Plaintiff shall serve upon Defendants (or upon defense counsel once an appearance is entered), a copy of every pleading or other document submitted for consideration by the Court. Plaintiff shall include with the original paper to be filed a certificate stating the date on which a true and correct copy of the document was served on Defendants or counsel. Any paper received by a district judge or magistrate judge that has not been filed with the Clerk or that fails to include a certificate of service will be disregarded by the Court.

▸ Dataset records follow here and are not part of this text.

lemma submodule_containing_scalar_e_eq_Mset:
  assumes V: "is_T_submodule d th ths ze V" and "C \<noteq> 0"
    and CeV: "Mcls d th ths ze (sc C * fEs 0) \<in> V"
  shows "V = Mset d th ths ze"
proof -
  have mult: "Mcls d th ths ze (t * x) \<in> V" if "Mcls d th ths ze x \<in> V" for t x
    using V that unfolding is_T_submodule_def by blast
  have "sc (1 / C) * (sc C * fEs 0) - 1 = - (1 * (1 - fEs 0))"
    using \<open>C \<noteq> 0\<close> by (simp add: mult.assoc[symmetric] sc_mult[symmetric] sc_one)
  then have "Mcls d th ths ze (sc (1 / C) * (sc C * fEs 0)) = Mcls d th ths ze 1"
    using J_fa_mult_left[OF mult_one_minus_e_in_J_fa, of "- 1" 1] by (intro Mcls_eqI) simp
  then have "Mcls d th ths ze 1 \<in> V"
    using mult[OF CeV] by metis
  then have "Mcls d th ths ze y \<in> V" for y
    using mult[of 1 y] by simp
  then show ?thesis
    using V unfolding is_T_submodule_def Mset_def by blast
qed

end

theorem lemma9p1:
  fixes d :: nat and th ths ze :: "nat \<Rightarrow> 'a::field" and V :: "'a fa set set"
  assumes C1: "C1 d th ths" and C2: "C2 d th ths ze" and C3: "C3 d th ths"
    and mu: "mu_conjecture TYPE('a)"
    and sub: "is_T_submodule d th ths ze V"
    and proper: "V \<noteq> Mset d th ths ze"
  shows "\<forall>x. Mcls d th ths ze x \<in> V \<longrightarrow> Mcls d th ths ze (fEs 0 * x) = Mcls d th ths ze 0"
proof (intro allI impI)
  fix x assume xV: "Mcls d th ths ze x \<in> V"
  have "mu_iso d th ths"
    using mu C1 C3 unfolding mu_conjecture_def by blast
  then obtain C where "fEs 0 * x - sc C * fEs 0 \<in> J_fa d th ths ze"
    using e_mult_congruent_scalar by blast
  then have ex_eq: "Mcls d th ths ze (fEs 0 * x) = Mcls d th ths ze (sc C * fEs 0)"
    by (rule Mcls_eqI)
  have "Mcls d th ths ze (fEs 0 * x) \<in> V"
    using sub xV unfolding is_T_submodule_def by blast
  then have "C = 0"
    using submodule_containing_scalar_e_eq_Mset[OF sub _ , of C] proper ex_eq by auto
  then show "Mcls d th ths ze (fEs 0 * x) = Mcls d th ths ze 0"
    using ex_eq by (simp add: sc_zero)
qed

end
lemma sum9_eq_closed9:
  fixes f a1 p d1 d2 :: complex and N :: nat
  assumes lower: "\<forall>b\<in>set (lower9 f a1 p d1 d2 N). \<not> nonpos_int b"
    and hden: "p * (f - p - 1) - a1 * (2 * f - 2 - d1 - d2 - a1 + of_nat N) \<noteq> 0"
    and kden: "d1 * d2 - hpar f a1 p d1 d2 (of_nat N) * (1 + d1 + d2 + a1 - f) \<noteq> 0"
    and rhs_den: "pochhammer (f - a1 - d1 - d2 - 1) N \<noteq> 0"
      "pochhammer (kpar f a1 d1 d2 (hpar f a1 p d1 d2 (of_nat N))) N \<noteq> 0"
  shows "sum9 f a1 p d1 d2 N = closed9 f a1 p d1 d2 N"
proof (cases "N = 0")
  case True
  then show ?thesis by (simp add: sum9_def closed9_def hyp_term_def prefactor9_def upper9_def lower9_def)
next
  case False
  define S where "S t = sum9 (f+t) (a1+10*t) p (d1+100*t) (d2+1000*t) N" for t
  define C where "C t = closed9 (f+t) (a1+10*t) p (d1+100*t) (d2+1000*t) N" for t
  have lw: "\<not> nonpos_int ((f - 1) / 2)" "\<not> nonpos_int (f - a1)" "\<not> nonpos_int p" "\<not> nonpos_int (f-p-1)"
    "\<not> nonpos_int (f-d1)" "\<not> nonpos_int (f-d2)" "\<not> nonpos_int (2 + a1 + d1 + d2 - f - of_nat N)"
    "\<not> nonpos_int (f + of_nat N)" using lower by (simp_all add: lower9_def)
  have p: "p \<noteq> 0" "\<forall>n\<le>N. pochhammer p n \<noteq> 0"
    using lw(3) pochhammer_nonzero_if_not_nonpos_int[OF lw(3)] by (force simp: nonpos_int_def)+
  have S: "(S \<longlongrightarrow> S 0) (at 0)"
    unfolding S_def sum9_def upper9_def lower9_def hyp_term_def list.map prod_list.Cons prod_list.Nil
    by (intro tendsto_intros) (use lw in \<open>simp_all add: pochhammer_nonzero_if_not_nonpos_int\<close>)
  have C: "(C \<longlongrightarrow> C 0) (at 0)"
    unfolding C_def closed9_def prefactor9_def kpar_def hpar_def
    by (intro tendsto_intros)
      (use lw hden kden rhs_den in
        \<open>simp_all add: pochhammer_nonzero_if_not_nonpos_int kpar_def hpar_def\<close>)
  have "eventually (\<lambda>t. S t = C t) (at 0)"
    unfolding S_def C_def using sum9_eq_closed9_perturbed[OF p _ hden kden rhs_den(2)] False by simp
  then have "(C \<longlongrightarrow> S 0) (at 0)" using S tendsto_cong by blast
  then have "S 0 = C 0" using C by (intro tendsto_unique[OF at_neq_bot])
  then show ?thesis by (simp add: S_def C_def)
qed

theorem mainTheorem3:
  fixes N :: nat and f a1 p d1 d2 h k :: complex
  assumes lower: "\<forall>b\<in>set [(f - 1) / 2, f - a1, p, f - p - 1, f - d1, f - d2,
                        2 + a1 + d1 + d2 - f - of_nat N, f + of_nat N]. \<not> nonpos_int b"
    and hden: "p * (f - p - 1) - a1 * (2 * f - 2 - d1 - d2 - a1 + of_nat N) \<noteq> 0"
    and h_def: "h = p * (f - 1 - d1 - d2 + of_nat N) * (p - f + 1) /
                   (p * (f - p - 1) - a1 * (2 * f - 2 - d1 - d2 - a1 + of_nat N))"
    and kden: "d1 * d2 - h * (1 + d1 + d2 + a1 - f) \<noteq> 0"
    and k_def: "k = h * (1 + d1 + a1 - f) * (1 + d2 + a1 - f) /
                   (d1 * d2 - h * (1 + d1 + d2 + a1 - f))"
    and rhs_den: "pochhammer (f - a1 - d1 - d2 - 1) N \<noteq> 0" "pochhammer k N \<noteq> 0"
  shows "hypF [f - 1, (f + 1) / 2, a1, f - p, p + 1, d1, d2,
               2 * f - 2 - d1 - d2 - a1 + of_nat N, - of_nat N]
              [(f - 1) / 2, f - a1, p, f - p - 1, f - d1, f - d2,
               2 + a1 + d1 + d2 - f - of_nat N, f + of_nat N] 1
         = (pochhammer f N * pochhammer (f - d1 - d2) N * pochhammer (f - a1 - d1 - 1) N
              * pochhammer (f - a1 - d2 - 1) N)
           / (pochhammer (f - d1) N * pochhammer (f - d2) N * pochhammer (f - a1) N
              * pochhammer (f - a1 - d1 - d2 - 1) N)
           * (pochhammer (k + 1) N / pochhammer k N)"
proof -
  have h: "h = hpar f a1 p d1 d2 (of_nat N)" and k: "k = kpar f a1 d1 d2 h"
    unfolding h_def k_def hpar_def kpar_def by rule+
  have "hypF (upper9 f a1 p d1 d2 N) (lower9 f a1 p d1 d2 N) 1 = sum9 f a1 p d1 d2 N"
    unfolding sum9_def by (rule hypF_eq_sum_if_neg_nat_param) (simp add: upper9_def)
  also have "\<dots> = closed9 f a1 p d1 d2 N"
    by (rule sum9_eq_closed9) (use lower hden kden rhs_den in \<open>simp_all add: lower9_def h k\<close>)
  finally show ?thesis
    unfolding upper9_def lower9_def closed9_def prefactor9_def h[symmetric] k[symmetric] .
qed

end
text \<open>All half-turns about axes orthogonal to \<open>c1\<close> are realised in \<open>N(V)\<close>, and these only
  permute the norms \<open>|coord u W|\<close>, so \<open>quarter_turn_invariance\<close> applies.\<close>
lemma adapted_frame_transfer:
  fixes t :: 'p
  assumes adapted: "adapted_frame (block_form s) c1 c2 c3"
    and distinct: "block_form s c1 c1 \<noteq> block_form s c2 c2"
  defines "M \<equiv> \<lambda>v. coord t (coord_inv s v)"
  shows "M c1 \<bullet> M c2 = 0" "M c1 \<bullet> M c3 = 0" "M c2 \<bullet> M c3 = 0" "M c2 \<bullet> M c2 = M c3 \<bullet> M c3"
proof -
  have frame: "orthonormal3 c1 c2 c3"
    using adapted by (simp add: adapted_frame_def)
  have lin: "linear M"
    unfolding M_def using linear_compose[OF linear_coord_inv linear_coord] by (simp add: comp_def)
  have norm_values: "M (half_turn c y) \<bullet> M (half_turn c y) \<in> range (\<lambda>u. coord u (coord_inv s y) \<bullet> coord u (coord_inv s y))"
    if c: "c\<bullet>c = 1" "c\<bullet>c1 = 0" for c y
  proof -
    obtain N where N: "N \<in> NV V ip" "block_rotation N s = half_turn c"
      using adapted_frame_half_turns[OF adapted distinct c] .
    then have "M (half_turn c y) = coord t (induced N (coord_inv s y))"
      by (simp add: M_def block_rotation_def flip: N(2))
    moreover obtain u where "coord t (induced N (coord_inv s y)) \<bullet> coord t (induced N (coord_inv s y)) =
        coord u (coord_inv s y) \<bullet> coord u (coord_inv s y)"
      by (rule norm_coord_induced[OF N(1)])
    ultimately show ?thesis
      by simp
  qed
  have axes: "(cos \<theta> *\<^sub>R c2 + sin \<theta> *\<^sub>R c3) \<bullet> (cos \<theta> *\<^sub>R c2 + sin \<theta> *\<^sub>R c3) = 1"
    "(cos \<theta> *\<^sub>R c2 + sin \<theta> *\<^sub>R c3) \<bullet> c1 = 0" for \<theta>
    using frame sin_cos_squared_add[of \<theta>]
    by (simp_all add: orthonormal3_def inner_add_left inner_add_right inner_commute power2_eq_square)
  have "\<exists>S. finite S \<and> (\<forall>\<theta>. M (half_turn (cos \<theta> *\<^sub>R c2 + sin \<theta> *\<^sub>R c3) y) \<bullet>
      M (half_turn (cos \<theta> *\<^sub>R c2 + sin \<theta> *\<^sub>R c3) y) \<in> S)" for y
    using norm_values[OF axes] by (intro exI[of _ "range (\<lambda>u. coord u (coord_inv s y) \<bullet> coord u (coord_inv s y))"]) simp
  then show "M c1 \<bullet> M c2 = 0" "M c1 \<bullet> M c3 = 0" "M c2 \<bullet> M c3 = 0" "M c2 \<bullet> M c2 = M c3 \<bullet> M c3"
    by (rule quarter_turn_invariance[OF lin frame])+
qed
(* Let $\tau>1$ and consider two candidates $P,Q$. Weighted Majority Rule 2 (defined in the context) has distortion at most $\max\big\{\frac{3\tau-1}{\tau+1},\frac{\tau+2}{\tau}\big\}$; i.e., if it selects $P$ then $SC(P)\le \max\{\frac{3\tau-1}{\tau+1},\frac{\tau+2}{\tau}\}\,SC(Q)$.
   Context: Voters $N=\{1,\dots,n\}$ and candidates are points of an arbitrary metric space $(X,d)$. Voter $i$ prefers $P$ to $Q$ only if $d(i,P)\le d(i,Q)$, with preference strength $\alpha_i^{PQ}=d(i,Q)/d(i,P)\ge1$. $SC(Y)=\sum_{i\in N}d(i,Y)$. For two candidates and threshold $\tau$, the information available is every voter's preferred candidate and whether its preference strength is $>\tau$ (strong) or $\le\tau$ (weak). Let $A_2,A_1$ be the voters preferring $P$ with strong, resp. weak, preference, and $B_2,B_1$ likewise for $Q$. Weighted Majority Rule 2: give weight $\frac{\tau+1}{\tau-1}$ to each strong voter and weight $1$ to each weak voter, and select $P$ if $\frac{\tau+1}{\tau-1}|A_2|+|A_1|\ge|B_1|+\frac{\tau+1}{\tau-1}|B_2|$, otherwise $Q$. *)

theory Defs
  imports "HOL-Analysis.Analysis"
begin

text \<open>Voters are indexed by {1..n}; voter i is located at point vloc i of a metric space.
  prefP i = True means voter i prefers P (i.e. is counted on P's side), False means Q.\<close>

definition SC :: "(nat \<Rightarrow> 'a::metric_space) \<Rightarrow> nat \<Rightarrow> 'a \<Rightarrow> real" where
  "SC vloc n Y = (\<Sum>i\<in>{1..n}. dist (vloc i) Y)"

definition consistent_prefs :: "(nat \<Rightarrow> 'a::metric_space) \<Rightarrow> nat \<Rightarrow> (nat \<Rightarrow> bool) \<Rightarrow> 'a \<Rightarrow> 'a \<Rightarrow> bool" where
  "consistent_prefs vloc n prefP P Q \<longleftrightarrow>
     (\<forall>i\<in>{1..n}. (prefP i \<longrightarrow> dist (vloc i) P \<le> dist (vloc i) Q) \<and>
                  (\<not> prefP i \<longrightarrow> dist (vloc i) Q \<le> dist (vloc i) P))"

text \<open>Preference strength d(v,Y)/d(v,X) of a voter at v preferring X over Y exceeds tau;
  written multiplicatively so that d(v,X)=0<d(v,Y) counts as infinite strength.\<close>
definition strong_pref :: "real \<Rightarrow> 'a::metric_space \<Rightarrow> 'a \<Rightarrow> 'a \<Rightarrow> bool" where
  "strong_pref \<tau> v X Y \<longleftrightarrow> dist v Y > \<tau> * dist v X"

definition A2 where "A2 \<tau> vloc n prefP P Q = {i\<in>{1..n}. prefP i \<and> strong_pref \<tau> (vloc i) P Q}"
definition A1 where "A1 \<tau> vloc n prefP P Q = {i\<in>{1..n}. prefP i \<and> \<not> strong_pref \<tau> (vloc i) P Q}"
definition B2 where "B2 \<tau> vloc n prefP P Q = {i\<in>{1..n}. \<not> prefP i \<and> strong_pref \<tau> (vloc i) Q P}"
definition B1 where "B1 \<tau> vloc n prefP P Q = {i\<in>{1..n}. \<not> prefP i \<and> \<not> strong_pref \<tau> (vloc i) Q P}"

definition WMR2_selects_P :: "real \<Rightarrow> (nat \<Rightarrow> 'a::metric_space) \<Rightarrow> nat \<Rightarrow> (nat \<Rightarrow> bool) \<Rightarrow> 'a \<Rightarrow> 'a \<Rightarrow> bool" where
  "WMR2_selects_P \<tau> vloc n prefP P Q \<longleftrightarrow>
     (\<tau>+1)/(\<tau>-1) * real (card (A2 \<tau> vloc n prefP P Q)) + real (card (A1 \<tau> vloc n prefP P Q))
       \<ge> real (card (B1 \<tau> vloc n prefP P Q)) + (\<tau>+1)/(\<tau>-1) * real (card (B2 \<tau> vloc n prefP P Q))"

end

theory Submission
  imports Defs
begin

text \<open>Write \<open>D = d(P,Q)\<close>, \<open>l = (\<tau>-1)/(\<tau>+1)\<close> and \<open>c\<close> for the claimed distortion bound.
  Each voter \<open>i\<close> satisfies \<open>d(i,P) - c\<cdot>d(i,Q) \<le> l D \<sigma>\<^sub>i\<close>, where the charge \<open>\<sigma>\<^sub>i\<close> is the
  voter's weight in Weighted Majority Rule 2, counted positively for \<open>Q\<close>-supporters and negatively
  for \<open>P\<close>-supporters: the two terms of the maximum in \<open>c\<close> are exactly what the strong and weak
  \<open>P\<close>-supporters need, and the triangle inequality handles everything else.
  Summing, \<open>SC(P) - c\<cdot>SC(Q)\<close> is at most \<open>l D\<close> times the weighted margin of \<open>Q\<close> over \<open>P\<close>,
  which is non-positive whenever the rule selects \<open>P\<close>.\<close>

lemma strong_P_voter_bound:
  fixes \<tau> c x y D :: real
  assumes "\<tau> > 1" "\<tau> * x < y" "D \<le> x + y" "(\<tau>+2)/\<tau> \<le> c" "0 \<le> x"
  shows "x - c * y \<le> - D"
proof -
  have "0 \<le> y" using assms by (smt (verit) mult_nonneg_nonneg)
  with assms(4) have "(\<tau>+2)/\<tau> * y \<le> c * y" by (rule mult_right_mono)
  moreover have "(\<tau>+2)/\<tau> * y = y + 2 * (y/\<tau>)" using assms(1) by (simp add: field_simps)
  moreover have "x \<le> y/\<tau>" using assms(1,2) by (simp add: field_simps)
  ultimately show ?thesis using assms(3) by linarith
qed

lemma weak_P_voter_bound:
  fixes \<tau> c x y D :: real
  assumes "\<tau> > 1" "x \<le> y" "D \<le> x + y" "(3*\<tau>-1)/(\<tau>+1) \<le> c" "0 \<le> y"
  shows "x - c * y \<le> - ((\<tau>-1)/(\<tau>+1)) * D"
proof -
  define l where "l = (\<tau>-1)/(\<tau>+1)"
  have "l \<ge> 0" using assms(1) by (simp add: l_def)
  have "(3*\<tau>-1)/(\<tau>+1) = 1 + 2*l" using assms(1) by (simp add: l_def field_simps)
  then have "(1 + 2*l) * y \<le> c * y" using assms(4,5) by (simp add: mult_right_mono)
  moreover have "l * D \<le> l * (x + y)" using assms(3) \<open>l \<ge> 0\<close> by (rule mult_left_mono)
  moreover have "(1 + l) * x \<le> (1 + l) * y" using \<open>l \<ge> 0\<close> assms(2) by (simp add: mult_left_mono)
  ultimately show ?thesis unfolding l_def[symmetric] by (simp add: algebra_simps)
qed

lemma weak_Q_voter_bound:
  fixes \<tau> c x y D :: real
  assumes "\<tau> > 1" "x \<le> \<tau> * y" "x \<le> y + D" "(3*\<tau>-1)/(\<tau>+1) \<le> c" "0 \<le> y"
  shows "x - c * y \<le> (\<tau>-1)/(\<tau>+1) * D"
proof -
  have "(3*\<tau>-1)/(\<tau>+1) * y \<le> c * y" using assms(4,5) by (rule mult_right_mono)
  then have "(\<tau>+1) * (x - c * y) \<le> (\<tau>+1) * x - (3*\<tau>-1) * y"
    using assms(1) by (simp add: field_simps)
  also have "\<dots> \<le> (\<tau>-1) * D"
  proof -
    have "(\<tau>-1) * x \<le> (\<tau>-1) * (y + D)" using assms(1,3) by (simp add: mult_left_mono)
    then show ?thesis using assms(2) by (simp add: algebra_simps)
  qed
  finally show ?thesis using assms(1) by (simp add: field_simps)
qed

lemma strong_Q_voter_bound:
  fixes c x y D :: real
  assumes "x \<le> y + D" "1 \<le> c" "0 \<le> y"
  shows "x - c * y \<le> D"
  using assms mult_right_mono[OF assms(2,3)] by linarith

definition wmr2_charge ::
    "real \<Rightarrow> (nat \<Rightarrow> 'a::metric_space) \<Rightarrow> nat \<Rightarrow> (nat \<Rightarrow> bool) \<Rightarrow> 'a \<Rightarrow> 'a \<Rightarrow> nat \<Rightarrow> real" where
  "wmr2_charge \<tau> vloc n prefP P Q i =
     (\<tau>+1)/(\<tau>-1) * (of_bool (i \<in> B2 \<tau> vloc n prefP P Q) - of_bool (i \<in> A2 \<tau> vloc n prefP P Q))
     + of_bool (i \<in> B1 \<tau> vloc n prefP P Q) - of_bool (i \<in> A1 \<tau> vloc n prefP P Q)"

lemma sum_wmr2_charge_nonpos:
  assumes "WMR2_selects_P \<tau> vloc n prefP P Q"
  shows "(\<Sum>i\<in>{1..n}. wmr2_charge \<tau> vloc n prefP P Q i) \<le> 0"
proof -
  define w where "w = (\<tau>+1)/(\<tau>-1)"
  have "A2 \<tau> vloc n prefP P Q \<subseteq> {1..n}" "A1 \<tau> vloc n prefP P Q \<subseteq> {1..n}"
      "B2 \<tau> vloc n prefP P Q \<subseteq> {1..n}" "B1 \<tau> vloc n prefP P Q \<subseteq> {1..n}"
    by (auto simp: A1_def A2_def B1_def B2_def)
  then have "(\<Sum>i\<in>{1..n}. wmr2_charge \<tau> vloc n prefP P Q i)
      = w * (real (card (B2 \<tau> vloc n prefP P Q)) - real (card (A2 \<tau> vloc n prefP P Q)))
        + real (card (B1 \<tau> vloc n prefP P Q)) - real (card (A1 \<tau> vloc n prefP P Q))"
    unfolding wmr2_charge_def w_def[symmetric]
    by (simp add: sum.distrib sum_subtractf sum_distrib_left[symmetric] Int_absorb1)
  with assms show ?thesis
    by (simp add: WMR2_selects_P_def w_def[symmetric] right_diff_distrib)
qed

lemma voter_cost_le_charge:
  assumes "\<tau> > 1" "consistent_prefs vloc n prefP P Q" "i \<in> {1..n}"
    and c: "max ((3*\<tau>-1)/(\<tau>+1)) ((\<tau>+2)/\<tau>) \<le> c"
  shows "dist (vloc i) P - c * dist (vloc i) Q
           \<le> (\<tau>-1)/(\<tau>+1) * dist P Q * wmr2_charge \<tau> vloc n prefP P Q i"
proof -
  define x where "x = dist (vloc i) P"
  define y where "y = dist (vloc i) Q"
  define D where "D = dist P Q"
  define l where "l = (\<tau>-1)/(\<tau>+1)"
  define w where "w = (\<tau>+1)/(\<tau>-1)"
  define \<sigma> where "\<sigma> = wmr2_charge \<tau> vloc n prefP P Q i"
  have "0 \<le> x" "0 \<le> y" by (simp_all add: x_def y_def)
  have PQ: "D \<le> x + y" and QP: "x \<le> y + D"
    unfolding x_def y_def D_def by (rule dist_triangle3, rule dist_triangle2)
  have c1: "(3*\<tau>-1)/(\<tau>+1) \<le> c" and c2: "(\<tau>+2)/\<tau> \<le> c" using c by simp_all
  have "1 \<le> c" using c2 assms(1) by (smt (verit) le_divide_eq_1_pos)
  have lw: "l * w = 1" using assms(1) by (simp add: l_def w_def)
  have charge: "\<sigma> = w * (of_bool (i \<in> B2 \<tau> vloc n prefP P Q) - of_bool (i \<in> A2 \<tau> vloc n prefP P Q))
      + of_bool (i \<in> B1 \<tau> vloc n prefP P Q) - of_bool (i \<in> A1 \<tau> vloc n prefP P Q)"
    by (simp add: \<sigma>_def wmr2_charge_def w_def)
  consider "prefP i" "strong_pref \<tau> (vloc i) P Q" | "prefP i" "\<not> strong_pref \<tau> (vloc i) P Q"
    | "\<not> prefP i" "strong_pref \<tau> (vloc i) Q P" | "\<not> prefP i" "\<not> strong_pref \<tau> (vloc i) Q P"
    by blast
  then have "x - c * y \<le> l * D * \<sigma>"
  proof cases
    case 1
    then have "\<sigma> = - w" using assms(3) by (simp add: charge A1_def A2_def B1_def B2_def)
    moreover have "\<tau> * x < y" using 1 by (simp add: strong_pref_def x_def y_def)
    ultimately show ?thesis
      using strong_P_voter_bound[OF assms(1) _ PQ c2 \<open>0 \<le> x\<close>] lw by (simp add: algebra_simps)
  next
    case 2
    then have "\<sigma> = - 1" using assms(3) by (simp add: charge A1_def A2_def B1_def B2_def)
    moreover have "x \<le> y" using 2 assms(2,3) by (simp add: consistent_prefs_def x_def y_def)
    ultimately show ?thesis
      using weak_P_voter_bound[OF assms(1) _ PQ c1 \<open>0 \<le> y\<close>] by (simp add: l_def)
  next
    case 3
    then have "\<sigma> = w" using assms(3) by (simp add: charge A1_def A2_def B1_def B2_def)
    then show ?thesis
      using strong_Q_voter_bound[OF QP \<open>1 \<le> c\<close> \<open>0 \<le> y\<close>] lw by (simp add: algebra_simps)
  next
    case 4
    then have "\<sigma> = 1" using assms(3) by (simp add: charge A1_def A2_def B1_def B2_def)
    moreover have "x \<le> \<tau> * y" using 4 by (simp add: strong_pref_def x_def y_def)
    ultimately show ?thesis
      using weak_Q_voter_bound[OF assms(1) _ QP c1 \<open>0 \<le> y\<close>] by (simp add: l_def)
  qed
  then show ?thesis by (simp add: x_def y_def D_def l_def \<sigma>_def)
qed

theorem mainTheorem4:
  fixes vloc :: "nat \<Rightarrow> 'a::metric_space" and n :: nat and prefP :: "nat \<Rightarrow> bool"
    and P Q :: 'a and \<tau> :: real
  assumes "\<tau> > 1"
    and "consistent_prefs vloc n prefP P Q"
    and "WMR2_selects_P \<tau> vloc n prefP P Q"
  shows "SC vloc n P \<le> max ((3*\<tau>-1)/(\<tau>+1)) ((\<tau>+2)/\<tau>) * SC vloc n Q"
proof -
  define c where "c = max ((3*\<tau>-1)/(\<tau>+1)) ((\<tau>+2)/\<tau>)"
  define lD where "lD = (\<tau>-1)/(\<tau>+1) * dist P Q"
  have "SC vloc n P - c * SC vloc n Q = (\<Sum>i\<in>{1..n}. dist (vloc i) P - c * dist (vloc i) Q)"
    by (simp add: SC_def sum_subtractf sum_distrib_left)
  also have "\<dots> \<le> (\<Sum>i\<in>{1..n}. lD * wmr2_charge \<tau> vloc n prefP P Q i)"
    using voter_cost_le_charge[OF assms(1,2)] by (intro sum_mono) (simp add: c_def lD_def)
  also have "\<dots> = lD * (\<Sum>i\<in>{1..n}. wmr2_charge \<tau> vloc n prefP P Q i)"
    by (simp add: sum_distrib_left)
  also have "\<dots> \<le> 0"
    using assms(1) sum_wmr2_charge_nonpos[OF assms(3)]
    by (intro mult_nonneg_nonpos) (simp_all add: lD_def)
  finally show ?thesis by (simp add: c_def)
qed

end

Defendants are ORDERED to timely file an appropriate responsive pleading to the complaint and shall not waive filing a reply pursuant to 42 U.S.C. § 1997e(g). Because Warden Butler is only named as a defendant for purposes of injunctive relief, requiring her to file an answer will ensure her prompt entry into the case.

Pursuant to Local Rule 72.1(a)(2), this action is REFERRED to United States Magistrate Judge Donald G. Wilkerson for further pre-trial proceedings.

Further, this entire matter shall be REFERRED to a United States Magistrate for disposition, pursuant to Local Rule 72.2(b)(2) and 28 U.S.C. § 636(c), if all parties consent to such a referral.

If judgment is rendered against Plaintiff, and the judgment includes the payment of costs under Section 1915, Plaintiff will be required to pay the full amount of the costs, notwithstanding that his application to proceed in forma pauperis may have been granted. See 28 U.S.C. § 1915(f)(2)(A).

Finally, Plaintiff is ADVISED that he is under a continuing obligation to keep the Clerk of Court and each opposing party informed of any change in his address; the Court will not independently investigate his whereabouts. This shall be done in writing and not later than 7 days after a transfer or other change in address occurs. Failure to comply with this order will cause a delay in the transmission of court documents and may result in dismissal of this action for want of prosecution. See FED. R. CIV. P. 41(b).